• [ASSIGNMENT]:
Each line below that contains the word "noteq" must be copied.

• [Entries taken from a collection]:
══════════

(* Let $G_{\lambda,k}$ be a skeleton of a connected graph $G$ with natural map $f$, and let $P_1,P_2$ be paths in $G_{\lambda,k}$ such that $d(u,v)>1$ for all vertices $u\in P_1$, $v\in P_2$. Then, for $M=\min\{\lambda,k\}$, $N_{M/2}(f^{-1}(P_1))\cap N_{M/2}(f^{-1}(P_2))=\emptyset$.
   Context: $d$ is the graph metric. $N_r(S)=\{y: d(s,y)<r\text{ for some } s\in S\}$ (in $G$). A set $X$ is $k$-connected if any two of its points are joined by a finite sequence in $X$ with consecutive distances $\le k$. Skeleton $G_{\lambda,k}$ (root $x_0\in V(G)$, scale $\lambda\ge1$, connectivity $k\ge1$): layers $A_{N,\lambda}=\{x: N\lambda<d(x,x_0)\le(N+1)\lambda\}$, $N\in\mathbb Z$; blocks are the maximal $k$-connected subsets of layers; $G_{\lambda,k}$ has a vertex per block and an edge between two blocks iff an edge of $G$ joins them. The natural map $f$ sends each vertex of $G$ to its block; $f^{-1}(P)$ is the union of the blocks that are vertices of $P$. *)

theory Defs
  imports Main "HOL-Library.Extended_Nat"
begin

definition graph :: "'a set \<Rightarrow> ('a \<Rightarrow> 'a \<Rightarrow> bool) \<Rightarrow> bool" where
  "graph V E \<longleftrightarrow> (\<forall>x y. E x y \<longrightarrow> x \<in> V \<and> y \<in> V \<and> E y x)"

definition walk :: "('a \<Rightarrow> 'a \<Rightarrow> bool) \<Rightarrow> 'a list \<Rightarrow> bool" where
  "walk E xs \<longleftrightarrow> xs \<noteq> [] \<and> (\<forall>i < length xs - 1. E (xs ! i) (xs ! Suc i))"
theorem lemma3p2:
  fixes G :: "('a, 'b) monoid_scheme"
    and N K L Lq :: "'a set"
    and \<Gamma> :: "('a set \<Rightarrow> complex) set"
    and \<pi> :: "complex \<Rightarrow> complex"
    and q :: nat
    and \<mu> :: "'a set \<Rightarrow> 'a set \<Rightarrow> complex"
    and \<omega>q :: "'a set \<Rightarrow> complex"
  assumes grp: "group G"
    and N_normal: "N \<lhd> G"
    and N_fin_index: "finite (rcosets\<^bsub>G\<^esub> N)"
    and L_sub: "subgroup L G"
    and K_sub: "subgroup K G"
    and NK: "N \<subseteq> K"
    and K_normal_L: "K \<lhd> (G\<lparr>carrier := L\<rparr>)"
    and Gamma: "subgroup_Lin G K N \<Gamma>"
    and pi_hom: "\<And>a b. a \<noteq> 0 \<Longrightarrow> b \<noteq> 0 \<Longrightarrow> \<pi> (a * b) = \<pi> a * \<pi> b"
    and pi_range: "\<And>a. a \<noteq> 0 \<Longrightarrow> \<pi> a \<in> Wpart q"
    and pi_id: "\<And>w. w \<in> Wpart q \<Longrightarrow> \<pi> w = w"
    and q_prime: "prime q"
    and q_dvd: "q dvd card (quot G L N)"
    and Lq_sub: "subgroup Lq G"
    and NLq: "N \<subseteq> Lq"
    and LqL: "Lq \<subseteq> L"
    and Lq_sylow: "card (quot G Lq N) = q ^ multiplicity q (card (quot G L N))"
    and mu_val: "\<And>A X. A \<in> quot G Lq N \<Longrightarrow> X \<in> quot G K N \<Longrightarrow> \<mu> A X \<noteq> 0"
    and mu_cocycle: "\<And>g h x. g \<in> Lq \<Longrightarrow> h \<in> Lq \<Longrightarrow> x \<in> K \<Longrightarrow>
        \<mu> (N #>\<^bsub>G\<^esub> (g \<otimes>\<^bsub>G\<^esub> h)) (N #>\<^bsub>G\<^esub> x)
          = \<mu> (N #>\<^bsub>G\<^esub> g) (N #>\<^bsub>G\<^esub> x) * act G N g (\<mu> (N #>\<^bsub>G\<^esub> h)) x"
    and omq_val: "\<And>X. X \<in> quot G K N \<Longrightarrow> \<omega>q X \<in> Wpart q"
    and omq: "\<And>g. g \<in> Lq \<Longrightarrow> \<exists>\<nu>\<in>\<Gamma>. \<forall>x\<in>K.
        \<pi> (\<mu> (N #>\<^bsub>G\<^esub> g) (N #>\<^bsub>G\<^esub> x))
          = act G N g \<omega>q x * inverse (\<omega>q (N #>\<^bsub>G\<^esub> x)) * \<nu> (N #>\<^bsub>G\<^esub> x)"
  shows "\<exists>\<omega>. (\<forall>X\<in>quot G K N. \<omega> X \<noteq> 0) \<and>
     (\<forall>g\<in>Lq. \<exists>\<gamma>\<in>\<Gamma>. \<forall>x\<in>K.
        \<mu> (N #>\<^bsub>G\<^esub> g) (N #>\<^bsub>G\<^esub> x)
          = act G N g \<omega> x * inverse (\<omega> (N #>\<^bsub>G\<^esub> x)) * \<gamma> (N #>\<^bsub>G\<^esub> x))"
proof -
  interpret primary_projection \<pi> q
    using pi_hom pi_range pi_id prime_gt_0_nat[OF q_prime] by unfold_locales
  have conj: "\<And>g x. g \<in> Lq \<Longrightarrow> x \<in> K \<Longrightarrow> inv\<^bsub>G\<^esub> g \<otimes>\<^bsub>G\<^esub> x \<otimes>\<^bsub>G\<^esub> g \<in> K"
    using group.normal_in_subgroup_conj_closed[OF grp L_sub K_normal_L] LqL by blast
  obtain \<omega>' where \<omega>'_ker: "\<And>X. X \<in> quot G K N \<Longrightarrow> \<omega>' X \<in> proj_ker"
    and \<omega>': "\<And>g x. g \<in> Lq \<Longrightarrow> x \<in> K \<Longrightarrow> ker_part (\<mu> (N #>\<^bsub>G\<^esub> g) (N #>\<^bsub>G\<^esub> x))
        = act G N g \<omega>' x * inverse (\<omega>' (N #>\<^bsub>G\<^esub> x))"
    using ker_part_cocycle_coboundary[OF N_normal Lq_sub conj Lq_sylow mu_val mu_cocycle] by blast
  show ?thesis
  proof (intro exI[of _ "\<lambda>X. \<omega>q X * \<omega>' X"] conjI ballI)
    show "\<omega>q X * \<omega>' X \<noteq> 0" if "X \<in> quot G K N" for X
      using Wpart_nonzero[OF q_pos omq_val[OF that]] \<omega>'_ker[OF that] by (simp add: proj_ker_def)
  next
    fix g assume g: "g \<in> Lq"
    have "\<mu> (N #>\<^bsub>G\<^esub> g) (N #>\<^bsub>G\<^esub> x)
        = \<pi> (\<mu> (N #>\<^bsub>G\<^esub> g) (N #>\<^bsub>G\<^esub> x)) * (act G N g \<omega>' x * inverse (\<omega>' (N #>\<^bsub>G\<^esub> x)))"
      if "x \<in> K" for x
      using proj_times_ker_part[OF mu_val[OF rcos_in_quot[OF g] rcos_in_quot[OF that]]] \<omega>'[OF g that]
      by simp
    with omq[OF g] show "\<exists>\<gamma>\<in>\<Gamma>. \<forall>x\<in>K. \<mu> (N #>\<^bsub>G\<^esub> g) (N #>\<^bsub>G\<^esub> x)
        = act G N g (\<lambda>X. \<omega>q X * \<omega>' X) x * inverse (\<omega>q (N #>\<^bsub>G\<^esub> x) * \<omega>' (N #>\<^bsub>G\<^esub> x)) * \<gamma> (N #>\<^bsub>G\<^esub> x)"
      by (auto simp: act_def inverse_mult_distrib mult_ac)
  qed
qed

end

══════════

• [RESPONSE BELOW]:
  "walk E xs \<longleftrightarrow> xs \<noteq> [] \<and> (\<forall>i < length xs - 1. E (xs ! i) (xs ! Suc i))"
    and pi_hom: "\<And>a b. a \<noteq> 0 \<Longrightarrow> b \<noteq> 0 \<Longrightarrow> \<pi> (a * b) = \<pi> a * \<pi> b"
    and pi_range: "\<And>a. a \<noteq> 0 \<Longrightarrow> \<pi> a \<in> Wpart q"
    and mu_val: "\<And>A X. A \<in> quot G Lq N \<Longrightarrow> X \<in> quot G K N \<Longrightarrow> \<mu> A X \<noteq> 0"
  shows "\<exists>\<omega>. (\<forall>X\<in>quot G K N. \<omega> X \<noteq> 0) \<and>
    show "\<omega>q X * \<omega>' X \<noteq> 0" if "X \<in> quot G K N" for X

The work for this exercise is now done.